### WORK REQUEST
Scan the records below and report how many lines contain the word "using", giving the number by itself.

(Items from a dataset)
↓

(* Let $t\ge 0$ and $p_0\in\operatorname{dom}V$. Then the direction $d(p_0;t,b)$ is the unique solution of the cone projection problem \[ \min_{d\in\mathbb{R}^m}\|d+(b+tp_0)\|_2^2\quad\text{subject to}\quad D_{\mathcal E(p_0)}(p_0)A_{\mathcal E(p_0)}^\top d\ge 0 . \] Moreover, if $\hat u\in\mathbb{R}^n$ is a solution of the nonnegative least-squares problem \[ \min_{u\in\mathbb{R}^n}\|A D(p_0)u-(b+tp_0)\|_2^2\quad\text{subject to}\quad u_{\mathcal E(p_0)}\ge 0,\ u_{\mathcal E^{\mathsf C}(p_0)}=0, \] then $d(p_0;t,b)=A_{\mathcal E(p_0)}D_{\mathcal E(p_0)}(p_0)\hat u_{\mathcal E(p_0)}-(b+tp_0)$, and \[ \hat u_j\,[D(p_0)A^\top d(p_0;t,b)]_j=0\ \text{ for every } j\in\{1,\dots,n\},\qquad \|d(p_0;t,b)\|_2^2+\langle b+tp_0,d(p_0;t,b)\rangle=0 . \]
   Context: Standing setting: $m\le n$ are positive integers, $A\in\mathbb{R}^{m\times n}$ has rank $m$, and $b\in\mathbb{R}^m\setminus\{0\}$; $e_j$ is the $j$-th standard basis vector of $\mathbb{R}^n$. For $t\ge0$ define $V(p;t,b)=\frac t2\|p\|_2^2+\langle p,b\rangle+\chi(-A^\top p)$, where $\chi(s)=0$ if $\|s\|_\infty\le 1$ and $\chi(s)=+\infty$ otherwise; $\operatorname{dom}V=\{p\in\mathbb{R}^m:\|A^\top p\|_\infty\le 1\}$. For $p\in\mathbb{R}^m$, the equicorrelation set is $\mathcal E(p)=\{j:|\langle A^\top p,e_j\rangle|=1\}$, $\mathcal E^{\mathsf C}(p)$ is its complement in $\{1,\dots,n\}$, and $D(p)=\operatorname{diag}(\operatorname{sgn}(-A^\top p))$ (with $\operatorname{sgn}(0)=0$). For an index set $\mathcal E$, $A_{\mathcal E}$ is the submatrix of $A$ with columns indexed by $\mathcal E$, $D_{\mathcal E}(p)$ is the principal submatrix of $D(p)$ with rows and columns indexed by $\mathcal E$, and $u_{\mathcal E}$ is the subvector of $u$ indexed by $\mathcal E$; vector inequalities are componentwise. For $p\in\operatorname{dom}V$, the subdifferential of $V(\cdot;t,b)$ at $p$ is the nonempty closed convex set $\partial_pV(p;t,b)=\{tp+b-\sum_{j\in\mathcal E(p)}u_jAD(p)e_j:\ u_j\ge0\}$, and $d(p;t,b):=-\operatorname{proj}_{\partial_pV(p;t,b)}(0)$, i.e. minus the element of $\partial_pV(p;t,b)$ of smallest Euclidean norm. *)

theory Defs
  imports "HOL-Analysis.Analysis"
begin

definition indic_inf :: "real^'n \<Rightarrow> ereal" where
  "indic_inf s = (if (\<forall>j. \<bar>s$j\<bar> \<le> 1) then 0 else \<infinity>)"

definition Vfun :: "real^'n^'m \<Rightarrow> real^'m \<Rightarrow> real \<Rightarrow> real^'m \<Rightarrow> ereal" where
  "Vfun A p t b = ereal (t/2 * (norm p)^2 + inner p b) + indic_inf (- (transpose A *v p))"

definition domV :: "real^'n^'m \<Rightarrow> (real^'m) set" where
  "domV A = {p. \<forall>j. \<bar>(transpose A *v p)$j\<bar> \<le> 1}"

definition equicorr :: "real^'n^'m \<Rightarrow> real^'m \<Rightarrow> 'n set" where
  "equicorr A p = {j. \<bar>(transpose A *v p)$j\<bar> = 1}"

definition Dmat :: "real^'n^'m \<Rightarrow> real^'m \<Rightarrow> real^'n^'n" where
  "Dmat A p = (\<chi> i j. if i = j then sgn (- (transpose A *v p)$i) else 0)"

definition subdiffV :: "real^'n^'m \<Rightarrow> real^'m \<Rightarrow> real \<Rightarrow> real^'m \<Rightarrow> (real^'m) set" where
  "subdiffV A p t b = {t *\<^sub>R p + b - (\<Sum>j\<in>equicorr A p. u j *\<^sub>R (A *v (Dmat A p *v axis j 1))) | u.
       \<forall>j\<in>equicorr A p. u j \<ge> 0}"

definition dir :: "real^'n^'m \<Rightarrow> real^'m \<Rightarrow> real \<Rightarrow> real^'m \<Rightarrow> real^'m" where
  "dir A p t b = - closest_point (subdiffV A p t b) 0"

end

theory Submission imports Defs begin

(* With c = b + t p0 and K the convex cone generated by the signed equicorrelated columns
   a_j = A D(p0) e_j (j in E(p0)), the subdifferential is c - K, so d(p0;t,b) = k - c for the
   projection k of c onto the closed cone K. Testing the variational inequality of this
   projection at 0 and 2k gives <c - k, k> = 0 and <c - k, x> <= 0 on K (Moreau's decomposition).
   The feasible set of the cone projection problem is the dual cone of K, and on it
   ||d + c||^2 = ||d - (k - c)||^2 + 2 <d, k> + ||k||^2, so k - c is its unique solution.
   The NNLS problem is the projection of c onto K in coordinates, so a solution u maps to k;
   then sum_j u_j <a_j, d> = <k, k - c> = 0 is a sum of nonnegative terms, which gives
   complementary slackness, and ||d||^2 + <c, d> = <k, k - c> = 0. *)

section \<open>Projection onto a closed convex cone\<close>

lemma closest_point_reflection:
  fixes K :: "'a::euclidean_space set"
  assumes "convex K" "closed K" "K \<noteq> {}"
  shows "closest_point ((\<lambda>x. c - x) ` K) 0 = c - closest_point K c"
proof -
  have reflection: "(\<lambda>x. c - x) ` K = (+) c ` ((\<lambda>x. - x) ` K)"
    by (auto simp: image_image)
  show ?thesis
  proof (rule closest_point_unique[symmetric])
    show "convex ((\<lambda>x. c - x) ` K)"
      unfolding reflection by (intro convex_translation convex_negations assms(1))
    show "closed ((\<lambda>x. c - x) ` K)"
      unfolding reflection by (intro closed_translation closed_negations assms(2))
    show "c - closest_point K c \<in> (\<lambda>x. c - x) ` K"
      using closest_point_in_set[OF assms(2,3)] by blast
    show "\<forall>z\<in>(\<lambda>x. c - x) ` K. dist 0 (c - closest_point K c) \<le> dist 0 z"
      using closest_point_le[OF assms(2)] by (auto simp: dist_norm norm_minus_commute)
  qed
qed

↑
↓

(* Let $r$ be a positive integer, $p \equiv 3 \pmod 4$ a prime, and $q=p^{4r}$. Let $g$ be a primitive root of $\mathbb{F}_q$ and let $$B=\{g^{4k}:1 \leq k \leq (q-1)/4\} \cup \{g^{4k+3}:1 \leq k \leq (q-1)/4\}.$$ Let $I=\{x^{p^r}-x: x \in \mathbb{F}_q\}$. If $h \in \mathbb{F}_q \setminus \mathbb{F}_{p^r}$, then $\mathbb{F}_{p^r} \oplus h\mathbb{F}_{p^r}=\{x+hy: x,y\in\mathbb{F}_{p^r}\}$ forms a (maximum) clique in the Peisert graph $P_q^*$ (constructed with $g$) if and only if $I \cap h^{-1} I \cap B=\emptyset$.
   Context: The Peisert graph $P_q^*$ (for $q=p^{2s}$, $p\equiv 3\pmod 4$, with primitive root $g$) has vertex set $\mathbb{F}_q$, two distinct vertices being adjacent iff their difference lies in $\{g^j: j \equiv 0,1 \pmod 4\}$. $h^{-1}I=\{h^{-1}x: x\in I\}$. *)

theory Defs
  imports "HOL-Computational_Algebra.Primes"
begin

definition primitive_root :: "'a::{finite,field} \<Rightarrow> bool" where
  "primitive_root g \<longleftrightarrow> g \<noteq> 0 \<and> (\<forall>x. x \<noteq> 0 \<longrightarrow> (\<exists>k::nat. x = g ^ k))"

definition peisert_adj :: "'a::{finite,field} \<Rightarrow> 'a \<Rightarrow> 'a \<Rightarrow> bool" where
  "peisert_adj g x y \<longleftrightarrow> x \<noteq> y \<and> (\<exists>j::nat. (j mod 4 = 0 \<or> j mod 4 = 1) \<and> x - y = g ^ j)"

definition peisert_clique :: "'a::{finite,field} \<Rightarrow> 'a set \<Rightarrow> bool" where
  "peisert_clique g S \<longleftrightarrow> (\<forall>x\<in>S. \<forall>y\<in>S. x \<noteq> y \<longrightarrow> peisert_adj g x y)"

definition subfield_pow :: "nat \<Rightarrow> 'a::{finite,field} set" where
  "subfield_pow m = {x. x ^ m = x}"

↑

### RESPONSE AREA
2